* [What you are asked to do]: Match on the string "also" in the entries below and return every matching line.

-------- Given records --------

text \<open>sum_i h_i t^(d-i) = sum_i f_(i-1) (t-1)^(d-i)\<close>
definition hpoly :: "'a set set \<Rightarrow> int poly" where
  "hpoly \<Delta> = (\<Sum>i\<le>cdim \<Delta>. of_nat (fnum \<Delta> i) * [:-1, 1:] ^ (cdim \<Delta> - i))"

definition hvector :: "'a set set \<Rightarrow> int list" where
  "hvector \<Delta> = map (\<lambda>i. coeff (hpoly \<Delta>) (cdim \<Delta> - i)) [0..<cdim \<Delta> + 1]"

definition facets :: "'a set set \<Rightarrow> 'a set set" where
  "facets \<Delta> = {F\<in>\<Delta>. \<forall>G\<in>\<Delta>. F \<subseteq> G \<longrightarrow> G = F}"

definition interval :: "'a set \<Rightarrow> 'a set \<Rightarrow> 'a set set" where
  "interval G F = {K. G \<subseteq> K \<and> K \<subseteq> F}"

definition partitionable :: "'a set set \<Rightarrow> bool" where
  "partitionable \<Delta> \<longleftrightarrow> (\<exists>g. (\<forall>F\<in>facets \<Delta>. g F \<in> \<Delta> \<and> g F \<subseteq> F) \<and>
     (\<Union>F\<in>facets \<Delta>. interval (g F) F) = \<Delta> \<and>
     (\<forall>F1\<in>facets \<Delta>. \<forall>F2\<in>facets \<Delta>. F1 \<noteq> F2 \<longrightarrow>
        interval (g F1) F1 \<inter> interval (g F2) F2 = {}))"

end

theory Submission
  imports Defs
begin

(*
  If a complex is partitioned into Boolean intervals [G, F]
  over its facets and all facets have d elements, then every interval with
  G < F has alternating sum 0, so the alternating face sum sum_K (-1)^|K| is
  (-1)^d times the number of intervals [F, F]; in particular its product
  with (-1)^d is nonnegative.

  A face of the coloring complex is a chain, represented by
  its strictly decreasing list; for such lists the face condition says that
  some consecutive difference of [n] > A_1 > ... > A_l > {} contains an edge.

  Evaluation gives the f-numbers and shows that all faces have
  at most 3 elements; for every smaller face a strictly larger face is found
  among its one-point refinements, so the complex is pure of facet size 3.
  Its alternating face sum is 1 - 36 + 108 - 72 = 1, while a partitionable
  such complex would have (-1)^3 * sum >= 0.
*)


section \<open>Alternating sums over simplicial complexes\<close>

lemma interval_alternating_sum:
  assumes "finite F" "G \<subset> F"
  shows "(\<Sum>K\<in>interval G F. (-1::int) ^ card K) = 0"
proof -
  have "interval G F = {K. K \<subseteq> F \<and> G \<subseteq> K}"
    unfolding interval_def by blast
  moreover have "finite {K. K \<subseteq> F \<and> G \<subseteq> K}"
    using assms(1) by simp
  ultimately show ?thesis
    using card_subsupersets_even_odd[OF assms] by (simp add: sum_alternating_cancels)
qed

text \<open>In a partitionable complex whose facets all have \<open>d\<close> elements, the alternating
  face sum has sign \<open>(-1)^d\<close>: only the intervals \<open>[F, F]\<close> contribute, each by \<open>(-1)^d\<close>.\<close>
lemma partitionable_pure_alternating_sum_sign:
  fixes \<Delta> :: "'a set set"
  assumes part: "partitionable \<Delta>" and fin: "finite \<Delta>"
    and pure: "\<And>F. F \<in> facets \<Delta> \<Longrightarrow> finite F \<and> card F = d"
  shows "(-1) ^ d * (\<Sum>K\<in>\<Delta>. (-1::int) ^ card K) \<ge> 0"
proof -
  obtain g where g: "\<forall>F\<in>facets \<Delta>. g F \<in> \<Delta> \<and> g F \<subseteq> F"
    and cover: "(\<Union>F\<in>facets \<Delta>. interval (g F) F) = \<Delta>"
    and disj: "\<forall>F1\<in>facets \<Delta>. \<forall>F2\<in>facets \<Delta>. F1 \<noteq> F2 \<longrightarrow>
                 interval (g F1) F1 \<inter> interval (g F2) F2 = {}"
    using part unfolding partitionable_def by (elim exE conjE) (rule that)
  have fin_facets: "finite (facets \<Delta>)"
    using fin unfolding facets_def by simp
  have fin_interval: "finite (interval (g F) F)" if "F \<in> facets \<Delta>" for F
  proof -
    have "interval (g F) F \<subseteq> Pow F" unfolding interval_def by blast
    then show ?thesis using pure[OF that] by (meson finite_Pow_iff finite_subset)
  qed
  have interval_sum: "(\<Sum>K\<in>interval (g F) F. (-1::int) ^ card K) = (if g F = F then (-1) ^ d else 0)"
    if F: "F \<in> facets \<Delta>" for F
  proof (cases "g F = F")
    case True
    then have "interval (g F) F = {F}" unfolding interval_def by auto
    then show ?thesis using True pure[OF F] by simp
  next
    case False
    then show ?thesis
      using interval_alternating_sum[of F "g F"] pure[OF F] g F by auto
  qed
  have "(\<Sum>K\<in>\<Delta>. (-1::int) ^ card K) = (\<Sum>K\<in>(\<Union>F\<in>facets \<Delta>. interval (g F) F). (-1) ^ card K)"
    by (simp only: cover)
  also have "\<dots> = (\<Sum>F\<in>facets \<Delta>. \<Sum>K\<in>interval (g F) F. (-1) ^ card K)"
    by (rule sum.UNION_disjoint[OF fin_facets]) (use fin_interval disj in auto)
  also have "\<dots> = (\<Sum>F\<in>facets \<Delta>. if g F = F then (-1) ^ d else 0)"
    using interval_sum by simp
  also have "\<dots> = (\<Sum>F\<in>{F \<in> facets \<Delta>. g F = F}. (-1) ^ d)"
    by (rule sum.inter_filter[OF fin_facets, symmetric])
  finally have "(\<Sum>K\<in>\<Delta>. (-1::int) ^ card K) = (-1) ^ d * int (card {F \<in> facets \<Delta>. g F = F})"
    by simp
  moreover have "(-1::int) ^ d * (-1) ^ d = 1"
    by (simp flip: power_mult_distrib)
  ultimately show ?thesis
    by (simp flip: mult.assoc)
qed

--------

* [Output for this task]:
  also have "\<dots> = (\<Sum>F\<in>facets \<Delta>. \<Sum>K\<in>interval (g F) F. (-1) ^ card K)"
  also have "\<dots> = (\<Sum>F\<in>facets \<Delta>. if g F = F then (-1) ^ d else 0)"
  also have "\<dots> = (\<Sum>F\<in>{F \<in> facets \<Delta>. g F = F}. (-1) ^ d)"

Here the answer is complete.